Decorating the Abscence

Hi Darling Ones,

Last week while my infection was wreaking havoc on my life I managed to attend a virtual reading by Hanif Abdurraqib.

I’m having a moment with Abdurraqib’s work. His book, A Little Devil in America was the best thing I read in 2021. That’s saying a lot because 2021 was a good reading year for me. I love ALDIA so much that it’s one of my comfort books. I just finished reading it for the third (or fourth?) time a few weeks ago.

Over the weekend I read They Can’t Kill Us Until They Kill Us, and I enjoyed it, but due to aformentioned havoc-wreaking infection I didn’t give it the attention it deserved. I’ll definitely have another go at it soon.

Tonight I’m gonna watch a celebration of Toni Morrison with Hanif Abdurraqib and Dionne Custer Edwards. I do feel a teeny bit stalkery. Like I said, I’m having a moment. Though, to be fair, it’s really no different than traveling to various states to see your favorite performer on consecutive nights. Right? RIGHT?

Another reason I’m attending: I have read The Bluest Eye more than any other novel. I’ve read it about every other year since it was assigned in my Women’s Lit course in the summer of 1992.

At the reading last week, Abdurraqib talked about why his mother, who died when he was 12, continually shows up in his writing.

I wanted to share this with you because parents and beloved aunts and uncles are dropping like flies in my age cohort. I know seven people who have lost parents in the last eight/nine months. I see so many struggling with their grief and the guilt for still grieving.

What Abdurraqib said about grief, grieving, and his writing has found a home deep in my heart, and it’s been rattling around my brain for a week looking for an escape.

Here’s what he said: “Grief [is] not something you get to be done with, which for a long time I thought that was the case. I thought grief is something you get to move past or you get to kind of extract and leave behind. But thankfully, I think, I’ve come to realize that grief is something that makes a permanent home inside of you and then you have to be a good steward to it, and if you are a good steward to it, then it in turn can be a good steward to you and the absence is not only accompanied by ache.

I think my mother arrives so much in my work because I think about that kind of process as tending to my grief. I’m tending to my memories, tending to decorating the absence with memories so it isn’t just wind blowing through it, so to speak.”

(all grammatical errors and typos are mine. I’m not good at transcription.)

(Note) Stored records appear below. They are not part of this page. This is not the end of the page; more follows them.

lemma radial_moment_ge_first_moment:
  assumes "1 \<le> d" "0 \<le> w" "S \<subseteq> {w..}" and [measurable]: "S \<in> sets borel"
  shows "ennreal (w ^ (d - 1)) * radial_moment \<psi> 1 S \<le> radial_moment \<psi> d S"
proof -
  have "ennreal (w ^ (d - 1)) * (ennreal (r * \<psi> r) * indicator S r) \<le> ennreal (r ^ d * \<psi> r) * indicator S r"
    for r :: real
  proof (cases "r \<in> S")
    case True
    have nonneg: "0 \<le> r * \<psi> r" "0 \<le> w ^ (d - 1)"
      using True assms profile_nonneg[of r] by auto
    have "w ^ (d - 1) * (r * \<psi> r) \<le> r ^ (d - 1) * (r * \<psi> r)"
      using True assms nonneg by (intro mult_right_mono power_mono) auto
    also have "\<dots> = r ^ d * \<psi> r"
      using assms power_minus_mult[of d r] by simp
    finally show ?thesis
      using True nonneg by (simp add: ennreal_mult[symmetric] ennreal_leI)
  qed auto
  then have "(\<integral>\<^sup>+r. ennreal (w ^ (d - 1)) * (ennreal (r * \<psi> r) * indicator S r) \<partial>lborel) \<le> radial_moment \<psi> d S"
    unfolding radial_moment_def by (intro nn_integral_mono)
  moreover have "(\<integral>\<^sup>+r. ennreal (w ^ (d - 1)) * (ennreal (r * \<psi> r) * indicator S r) \<partial>lborel)
      = ennreal (w ^ (d - 1)) * radial_moment \<psi> 1 S"
    unfolding radial_moment_def power_one_right by (rule nn_integral_cmult) measurable
  ultimately show ?thesis
    by simp
qed

lemma radial_moment_split4:
  assumes "v \<le> a" "a \<le> b"
  shows "radial_moment \<psi> d UNIV
           = radial_moment \<psi> d {..<v} + radial_moment \<psi> d {v..<a} + radial_moment \<psi> d {a..b}
             + radial_moment \<psi> d {b<..}"
proof -
  have "UNIV = (({..<v} \<union> {v..<a}) \<union> {a..b}) \<union> {b<..}"
    using assms by auto
  then have "radial_moment \<psi> d UNIV = radial_moment \<psi> d ((({..<v} \<union> {v..<a}) \<union> {a..b}) \<union> {b<..})"
    by (rule arg_cong)
  also have "\<dots> = radial_moment \<psi> d (({..<v} \<union> {v..<a}) \<union> {a..b}) + radial_moment \<psi> d {b<..}"
    using assms by (intro radial_moment_Un) auto
  also have "radial_moment \<psi> d (({..<v} \<union> {v..<a}) \<union> {a..b})
      = radial_moment \<psi> d ({..<v} \<union> {v..<a}) + radial_moment \<psi> d {a..b}"
    using assms by (intro radial_moment_Un) auto
  also have "radial_moment \<psi> d ({..<v} \<union> {v..<a}) = radial_moment \<psi> d {..<v} + radial_moment \<psi> d {v..<a}"
    using assms by (intro radial_moment_Un) auto
  finally show ?thesis .
qed

end

section \<open>Comparison with power laws\<close>

lemma nn_integral_ge_const_interval:
  fixes f :: "real \<Rightarrow> real"
  assumes "x \<le> y" "0 \<le> c" "{x..y} \<subseteq> S" "\<And>r. x \<le> r \<Longrightarrow> r \<le> y \<Longrightarrow> c \<le> f r"
  shows "ennreal (c * (y - x)) \<le> (\<integral>\<^sup>+r\<in>S. ennreal (f r) \<partial>lborel)"
proof -
  have "ennreal (c * (y - x)) = (\<integral>\<^sup>+r. ennreal c * indicator {x..y} r \<partial>lborel)"
    using assms by (simp add: nn_integral_cmult_indicator ennreal_mult)
  also have "\<dots> \<le> (\<integral>\<^sup>+r\<in>S. ennreal (f r) \<partial>lborel)"
    using assms by (intro nn_integral_mono) (auto split: split_indicator intro!: ennreal_leI)
  finally show ?thesis .
qed

lemma nn_integral_powr_growth_le:
  fixes f :: "real \<Rightarrow> real"
  assumes v: "0 < v" "v \<le> a" and k: "0 < k" and fa: "0 \<le> f a"
    and growth: "\<And>r. v \<le> r \<Longrightarrow> r \<le> a \<Longrightarrow> f r \<le> f a * r powr k / a powr k"
  shows "(\<integral>\<^sup>+r\<in>{v..<a}. ennreal (f r) \<partial>lborel) \<le> ennreal (f a * a / k)"
proof -
  define C where "C = f a / a powr k"
  have C: "0 \<le> C"
    using fa by (simp add: C_def)
  define H where "H r = C / (k + 1) * r powr (k + 1)" for r
  have "(\<integral>\<^sup>+r\<in>{v..<a}. ennreal (f r) \<partial>lborel) \<le> (\<integral>\<^sup>+r\<in>{v..a}. ennreal (C * r powr k) \<partial>lborel)"
    using growth by (intro nn_integral_mono) (auto split: split_indicator simp: C_def intro!: ennreal_leI)
  also have "\<dots> = ennreal (H a - H v)"
  proof (rule nn_integral_FTC_Icc)
    fix r assume "r \<in> {v..a}"
    then have "0 < r"
      using v by auto
    then have "(H has_real_derivative C / (k + 1) * ((k + 1) * r powr (k + 1 - 1))) (at r)"
      unfolding H_def by (intro DERIV_cmult has_real_derivative_powr)
    then show "(H has_real_derivative C * r powr k) (at r)"
      using k by simp
  qed (use v C in auto)
  also have "\<dots> \<le> ennreal (H a)"
    using v C k by (intro ennreal_leI) (simp add: H_def)
  also have "H a = f a * a / (k + 1)"
    using v k by (simp add: H_def C_def powr_add)
  also have "ennreal (f a * a / (k + 1)) \<le> ennreal (f a * a / k)"
    using v k fa by (intro ennreal_leI divide_left_mono) auto
  finally show ?thesis .
qed

lemma nn_integral_powr_decay_le:
  fixes f :: "real \<Rightarrow> real"
  assumes b: "0 < b" and k: "1 < k" and fb: "0 \<le> f b"
    and decay: "\<And>r. b \<le> r \<Longrightarrow> f r \<le> f b * b powr k / r powr k"
  shows "(\<integral>\<^sup>+r\<in>{b<..}. ennreal (f r) \<partial>lborel) \<le> ennreal (f b * b / (k - 1))"
proof -
  define C where "C = f b * b powr k"
  have C: "0 \<le> C"
    using fb by (simp add: C_def)
  define H where "H r = C / (1 - k) * r powr (1 - k)" for r
  have "(\<integral>\<^sup>+r\<in>{b<..}. ennreal (f r) \<partial>lborel) \<le> (\<integral>\<^sup>+r\<in>{b..}. ennreal (C * r powr (- k)) \<partial>lborel)"
    using decay by (intro nn_integral_mono)
      (auto split: split_indicator simp: C_def powr_minus_divide intro!: ennreal_leI)
  also have "\<dots> = ennreal (0 - H b)"
  proof (rule nn_integral_FTC_atLeast)
    fix r assume "b \<le> r"
    then have "0 < r"
      using b by auto
    then have "(H has_real_derivative C / (1 - k) * ((1 - k) * r powr (1 - k - 1))) (at r)"
      unfolding H_def by (intro DERIV_cmult has_real_derivative_powr)
    then show "(H has_real_derivative C * r powr (- k)) (at r)"
      using k by simp
    show "0 \<le> C * r powr (- k)"
      using C by simp
  next
    have "((\<lambda>r. r powr (1 - k)) \<longlongrightarrow> 0) at_top"
      using k by (intro tendsto_neg_powr filterlim_ident) auto
    then show "(H \<longlongrightarrow> 0) at_top"
      unfolding H_def by (rule tendsto_mult_right_zero)
  qed simp
  also have "0 - H b = f b * b / (k - 1)"
    using b k by (simp add: H_def C_def powr_diff field_simps)
  finally show ?thesis .
qed

lemma exp_log_weighted_density:
  assumes "0 < r" "0 < \<psi> r"
  shows "exp (real d * ln r + ln (\<psi> r) - k * ln r) = r ^ d * \<psi> r / r powr k"
proof -
  have "exp (real d * ln r) = r ^ d"
    using assms by (simp add: exp_of_nat_mult)
  moreover have "exp (k * ln r) = r powr k"
    using assms by (simp add: powr_def mult.commute)
  ultimately show ?thesis
    using assms by (simp add: exp_diff exp_add)
qed

lemma log_weighted_density_has_derivative:
  assumes "0 < r" and deriv: "((\<lambda>s. - ln (\<psi> s)) has_real_derivative \<Lambda>'r) (at r)"
  shows "((\<lambda>s. real d * ln s + ln (\<psi> s) - k * ln s) has_real_derivative (real d - r * \<Lambda>'r - k) / r) (at r)"
proof -
  have "((\<lambda>s. real d * ln s - - ln (\<psi> s) - k * ln s) has_real_derivative real d * (1 / r) - \<Lambda>'r - k * (1 / r)) (at r)"
    using assms by (intro DERIV_diff deriv DERIV_cmult DERIV_ln_divide)
  moreover have "real d * (1 / r) - \<Lambda>'r - k * (1 / r) = (real d - r * \<Lambda>'r - k) / r"
    using assms by (simp add: field_simps)
  ultimately show ?thesis
    by simp
qed

text \<open>The exponent \<open>d - k\<close> in \<open>r\<^sup>d \<psi>(r) / r\<^sup>k\<close> competes with the local decay rate
  \<open>r \<Lambda>'(r)\<close> of \<open>\<psi> = exp (- \<Lambda>)\<close>; on a range where one dominates, the weighted density is monotone.\<close>
lemma weighted_density_mono:
  fixes \<psi> \<Lambda>' :: "real \<Rightarrow> real"
  assumes deriv: "\<And>r. x \<le> r \<Longrightarrow> r \<le> y \<Longrightarrow> ((\<lambda>s. - ln (\<psi> s)) has_real_derivative \<Lambda>' r) (at r)"
    and pos: "0 < \<psi> x" "0 < \<psi> y" and xy: "0 < x" "x \<le> y"
    and slope: "\<And>r. x \<le> r \<Longrightarrow> r \<le> y \<Longrightarrow> r * \<Lambda>' r + k \<le> real d"
  shows "x ^ d * \<psi> x / x powr k \<le> y ^ d * \<psi> y / y powr k"
proof -
  have "real d * ln x + ln (\<psi> x) - k * ln x \<le> real d * ln y + ln (\<psi> y) - k * ln y"
  proof (rule DERIV_nonneg_imp_nondecreasing[OF xy(2)])
    fix r assume r: "x \<le> r" "r \<le> y"
    then show "\<exists>D. ((\<lambda>s. real d * ln s + ln (\<psi> s) - k * ln s) has_real_derivative D) (at r) \<and> 0 \<le> D"
      using xy slope[OF r]
      by (intro exI[of _ "(real d - r * \<Lambda>' r - k) / r"] conjI log_weighted_density_has_derivative deriv)
        auto
  qed
  then show ?thesis
    using xy pos by (simp add: exp_log_weighted_density[symmetric])
qed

It’s the idea of decorating the absence with memories that kicks me in the gut. Tears come when I think about the idea. It’s lovely and painful at the same time.

I have not been a good steward to my grief. I’m not entirely sure what that would mean, considering the complicated relationship with my dad. I for sure have not been a good steward to my grief regarding the estrangement of The Tibbles. I do not decorate their absence with memories. I just shove all the memories away and try to not think about them lest my heart shatter.

So, that’s what been on my mind this week.